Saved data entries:
▬▬▬▬▬▬

text \<open>A split of P(M1) by matroids N1, N2 gives the split of P(M1 (+) M2) by N1 (+) M2, N2 (+) M2.\<close>
lemma hyperplane_split_direct_sum_left:
  assumes M1: "matroid_on E1 \<B>1" and M2: "matroid_on E2 \<B>2" and D: "E1 \<inter> E2 = {}"
    and H: "has_nontrivial_hyperplane_split E1 \<B>1"
  shows "has_nontrivial_hyperplane_split (E1 \<union> E2) (direct_sum_bases \<B>1 \<B>2)"
proof -
  obtain \<N>1 \<N>2 where N: "matroid_on E1 \<N>1" "matroid_on E1 \<N>2"
    and split: "is_split (base_polytope \<B>1) (base_polytope \<N>1) (base_polytope \<N>2)"
    using H unfolding hyperplane_split_iff by blast
  have "is_split (base_polytope \<B>1 + base_polytope \<B>2)
          (base_polytope \<N>1 + base_polytope \<B>2) (base_polytope \<N>2 + base_polytope \<B>2)"
  proof (rule is_split_plus[OF split])
    show "base_polytope \<B>1 \<subseteq> supported E1" "base_polytope \<B>2 \<subseteq> supported E2"
      using M1 M2 by (simp_all add: matroid_on_base_polytope_supported)
    show "convex (base_polytope \<B>2)" by (simp add: base_polytope_def)
    show "base_polytope \<B>2 \<noteq> {}" using M2 by (rule matroid_on_base_polytope_nonempty)
  qed (rule D)
  then have "is_split (base_polytope (direct_sum_bases \<B>1 \<B>2))
      (base_polytope (direct_sum_bases \<N>1 \<B>2)) (base_polytope (direct_sum_bases \<N>2 \<B>2))"
    using N M1 M2 D by (simp add: matroid_on_base_polytope_direct_sum)
  then show ?thesis
    unfolding hyperplane_split_iff
    using matroid_on_direct_sum[OF N(1) M2 D] matroid_on_direct_sum[OF N(2) M2 D] by blast
qed

text \<open>Both pieces of a split of P(M1 (+) M2) are polytopes of direct sums of submatroids
  of M1 and M2; the split then restricts to a split of one of the factors.\<close>
lemma hyperplane_split_direct_sum_factor:
  assumes M1: "matroid_on E1 \<B>1" and M2: "matroid_on E2 \<B>2" and D: "E1 \<inter> E2 = {}"
    and H: "has_nontrivial_hyperplane_split (E1 \<union> E2) (direct_sum_bases \<B>1 \<B>2)"
  shows "has_nontrivial_hyperplane_split E1 \<B>1 \<or> has_nontrivial_hyperplane_split E2 \<B>2"
proof -
  obtain \<N> \<N>' where N: "matroid_on (E1 \<union> E2) \<N>" "matroid_on (E1 \<union> E2) \<N>'"
    and split: "is_split (base_polytope (direct_sum_bases \<B>1 \<B>2)) (base_polytope \<N>) (base_polytope \<N>')"
    using H unfolding hyperplane_split_iff by blast
  have "base_polytope \<N> \<subseteq> base_polytope (direct_sum_bases \<B>1 \<B>2)"
    "base_polytope \<N>' \<subseteq> base_polytope (direct_sum_bases \<B>1 \<B>2)"
    using split unfolding is_split_def by blast+
  then have sub: "\<N> \<subseteq> direct_sum_bases \<B>1 \<B>2" "\<N>' \<subseteq> direct_sum_bases \<B>1 \<B>2"
    by (simp_all add: base_polytope_subset_imp_bases_subset)
  obtain \<A>1 \<A>2 where A: "matroid_on E1 \<A>1" "matroid_on E2 \<A>2" "\<A>1 \<subseteq> \<B>1" "\<A>2 \<subseteq> \<B>2"
      "\<N> = direct_sum_bases \<A>1 \<A>2"
    by (rule matroid_on_sub_direct_sum[OF N(1) D M1 M2 sub(1)])
  obtain \<C>1 \<C>2 where C: "matroid_on E1 \<C>1" "matroid_on E2 \<C>2" "\<C>1 \<subseteq> \<B>1" "\<C>2 \<subseteq> \<B>2"
      "\<N>' = direct_sum_bases \<C>1 \<C>2"
    by (rule matroid_on_sub_direct_sum[OF N(2) D M1 M2 sub(2)])
  note sum = matroid_on_base_polytope_direct_sum[OF _ _ D]
  have "is_split (base_polytope \<B>1) (base_polytope \<A>1) (base_polytope \<C>1) \<or>
        is_split (base_polytope \<B>2) (base_polytope \<A>2) (base_polytope \<C>2)"
  proof (rule is_split_plus_factor)
    show "is_split (base_polytope \<B>1 + base_polytope \<B>2)
        (base_polytope \<A>1 + base_polytope \<A>2) (base_polytope \<C>1 + base_polytope \<C>2)"
      using split unfolding A(5) C(5) sum[OF M1 M2] sum[OF A(1,2)] sum[OF C(1,2)] .
    show "base_polytope \<B>1 \<subseteq> supported E1" "base_polytope \<B>2 \<subseteq> supported E2"
      using M1 M2 by (simp_all add: matroid_on_base_polytope_supported)
    show "base_polytope \<B>1 \<noteq> {}" "base_polytope \<B>2 \<noteq> {}"
      using M1 M2 by (simp_all add: matroid_on_base_polytope_nonempty)
    show "base_polytope \<A>1 \<subseteq> base_polytope \<B>1" "base_polytope \<C>1 \<subseteq> base_polytope \<B>1"
      "base_polytope \<A>2 \<subseteq> base_polytope \<B>2" "base_polytope \<C>2 \<subseteq> base_polytope \<B>2"
      using A C by (simp_all add: base_polytope_mono)
  qed (rule D)
  then show ?thesis unfolding hyperplane_split_iff using A(1,2) C(1,2) by blast
qed

theorem theorem2:
  fixes E1 E2 :: "'a::finite set" and \<B>1 \<B>2 :: "'a set set"
  assumes "matroid_on E1 \<B>1" and "matroid_on E2 \<B>2" and "E1 \<inter> E2 = {}"
  shows "has_nontrivial_hyperplane_split (E1 \<union> E2) (direct_sum_bases \<B>1 \<B>2) \<longleftrightarrow>
         has_nontrivial_hyperplane_split E1 \<B>1 \<or> has_nontrivial_hyperplane_split E2 \<B>2"
proof
  assume "has_nontrivial_hyperplane_split (E1 \<union> E2) (direct_sum_bases \<B>1 \<B>2)"
  then show "has_nontrivial_hyperplane_split E1 \<B>1 \<or> has_nontrivial_hyperplane_split E2 \<B>2"
    by (rule hyperplane_split_direct_sum_factor[OF assms])
next
  assume "has_nontrivial_hyperplane_split E1 \<B>1 \<or> has_nontrivial_hyperplane_split E2 \<B>2"
  then show "has_nontrivial_hyperplane_split (E1 \<union> E2) (direct_sum_bases \<B>1 \<B>2)"
  proof
    assume "has_nontrivial_hyperplane_split E1 \<B>1"
    then show ?thesis by (rule hyperplane_split_direct_sum_left[OF assms])
  next
    assume H2: "has_nontrivial_hyperplane_split E2 \<B>2"
    have "E2 \<inter> E1 = {}" using assms(3) by blast
    then have "has_nontrivial_hyperplane_split (E2 \<union> E1) (direct_sum_bases \<B>2 \<B>1)"
      using hyperplane_split_direct_sum_left[OF assms(2,1) _ H2] by blast
    then show ?thesis by (simp only: Un_commute[of E2 E1] direct_sum_bases_commute[of \<B>2 \<B>1])
  qed
qed

end
lemma Lmic_singleton:
  assumes G: "in_G r 1 w" and r: "0 < r"
  shows "Lmic r w = {(1, col w 1)}"
proof -
  have "fst ((act r w ^^ k) (1, 0)) = fst (1::nat, 0::nat)" for k
    using funpow_bij_betw_in[OF act_bij[OF G], of "(1, 0)" k] r by auto
  then have "traj_lr_minima (act r w) fst (1, 0) = {act r w (1, 0)}"
    by (rule traj_lr_minima_const)
  moreover have "sig w 1 = 1" using in_G_sig_in[OF G, of 1] by simp
  ultimately show ?thesis using Lmic_eq_traj[OF G _ r] act_color_0[OF G, of 1] by simp
qed

theorem Lmic_bcode:
  assumes "in_G r n w" and "0 < n" and "0 < r"
  shows "Lmic r w = negate_colors r (Minb (bcode r w))"
  using assms(2,1,3)
proof (induction n arbitrary: w rule: nat_induct_non_zero)
  case 1
  obtain c w' where R: "max_removal r 0 w w' c"
    and b: "bcode r w = bcode r w' @ [(c, negmod r (col w c))]"
    using bcode_max_removal[of r 0 w] 1 by (metis One_nat_def)
  interpret max_removal r 0 w w' c by (rule R)
  have "c = 1" using c_in by simp
  then have "bcode r w = [(1, negmod r (col w 1))]"
    using b length' by (simp add: bcode_def)
  then show ?case
    using Lmic_singleton[OF _ r_pos] in_G negmod_negmod[OF in_G_col_less[OF in_G, of 1]]
    by (simp add: Minb_def negate_colors_def)
next
  case (Suc n)
  obtain c w' where R: "max_removal r n w w' c"
    and b: "bcode r w = bcode r w' @ [(c, negmod r (col w c))]"
    using bcode_max_removal[OF Suc.prems] .
  interpret max_removal r n w w' c by (rule R)
  have "c = 1 \<longleftrightarrow> sig w 1 = Suc n" using sig_eq_Suc_iff[of 1] by auto
  then show ?case
    unfolding Lmic_removal[OF Suc.hyps(1)] b Minb_snoc Suc.IH[OF in_G' r_pos]
    using length_bcode[of r w'] length' negmod_negmod[OF in_G_col_less[OF in_G c_in]]
    by (auto simp: negate_colors_def)
qed

lemma snd_statistics_subset:
  "snd ` (Maxb b \<union> Minb b \<union> Rmil b \<union> Rmip b) \<subseteq> snd ` set b"
proof -
  have "snd (b ! (i - 1)) \<in> snd ` set b" if "i \<in> {1..length b}" for i
    using that by auto
  then show ?thesis unfolding Maxb_def Minb_def Rmil_def Rmip_def by auto
qed

lemma colpart_negate_bcode_statistic:
  assumes "0 < r" and "S \<in> {Maxb (bcode r w), Minb (bcode r w), Rmil (bcode r w), Rmip (bcode r w)}"
    and "t < r"
  shows "colpart (negate_colors r S) t = colpart S (negmod r t)"
proof (rule colpart_negate_colors[OF _ assms(3)])
  have "snd ` S \<subseteq> snd ` set (bcode r w)"
    using assms(2) snd_statistics_subset[of "bcode r w"] by blast
  then show "\<forall>x\<in>S. snd x < r" using bcode_colors_less[OF assms(1)] by fastforce
qed

theorem lemma3p4:
  fixes r n :: nat and w :: "cletter list"
  assumes "r \<ge> 1" and "n \<ge> 1" and "in_G r n w"
  defines "b \<equiv> bcode r w"
  shows "colpart (Cyc r w) 0 = colpart (Maxb b) 0
       \<and> colpart (Lmic r w) 0 = colpart (Minb b) 0
       \<and> colpart (Lmap w) 0 = colpart (Rmil b) 0
       \<and> colpart (Lmal w) 0 = colpart (Rmip b) 0
       \<and> (\<forall>t. 1 \<le> t \<and> t \<le> r - 1 \<longrightarrow>
            colpart (Cyc r w) t = colpart (Maxb b) (r - t)
          \<and> colpart (Lmic r w) t = colpart (Minb b) (r - t)
          \<and> colpart (Lmap w) t = colpart (Rmil b) (r - t)
          \<and> colpart (Lmal w) t = colpart (Rmip b) (r - t))"
proof -
  have r: "0 < r" and n: "0 < n" using assms(1,2) by simp_all
  note stats = Cyc_bcode[OF assms(3) r] Lmic_bcode[OF assms(3) n r]
    Lmap_bcode[OF assms(3) r] Lmal_bcode[OF assms(3) r]
  have zero: "colpart (negate_colors r S) 0 = colpart S 0"
    if "S \<in> {Maxb b, Minb b, Rmil b, Rmip b}" for S
    using colpart_negate_bcode_statistic[OF r that[unfolded b_def] r] by (simp add: negmod_def)
  have pos: "colpart (negate_colors r S) t = colpart S (r - t)"
    if "S \<in> {Maxb b, Minb b, Rmil b, Rmip b}" "1 \<le> t" "t \<le> r - 1" for S t
    using colpart_negate_bcode_statistic[OF r that(1)[unfolded b_def], of t] that(2,3)
    by (simp add: negmod_def)
  show ?thesis
    unfolding stats b_def[symmetric] by (simp add: zero pos)
qed

end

▬▬▬▬▬▬

Once you find the line with "using hyperplane_split_direct_sum_left[OF assms(2,1)" in the entries above, output it and each line after it up to and including the line with "using assms(2,1,3)", and nothing else.

      using hyperplane_split_direct_sum_left[OF assms(2,1) _ H2] by blast
    then show ?thesis by (simp only: Un_commute[of E2 E1] direct_sum_bases_commute[of \<B>2 \<B>1])
  qed
qed

end
lemma Lmic_singleton:
  assumes G: "in_G r 1 w" and r: "0 < r"
  shows "Lmic r w = {(1, col w 1)}"
proof -
  have "fst ((act r w ^^ k) (1, 0)) = fst (1::nat, 0::nat)" for k
    using funpow_bij_betw_in[OF act_bij[OF G], of "(1, 0)" k] r by auto
  then have "traj_lr_minima (act r w) fst (1, 0) = {act r w (1, 0)}"
    by (rule traj_lr_minima_const)
  moreover have "sig w 1 = 1" using in_G_sig_in[OF G, of 1] by simp
  ultimately show ?thesis using Lmic_eq_traj[OF G _ r] act_color_0[OF G, of 1] by simp
qed

theorem Lmic_bcode:
  assumes "in_G r n w" and "0 < n" and "0 < r"
  shows "Lmic r w = negate_colors r (Minb (bcode r w))"
  using assms(2,1,3)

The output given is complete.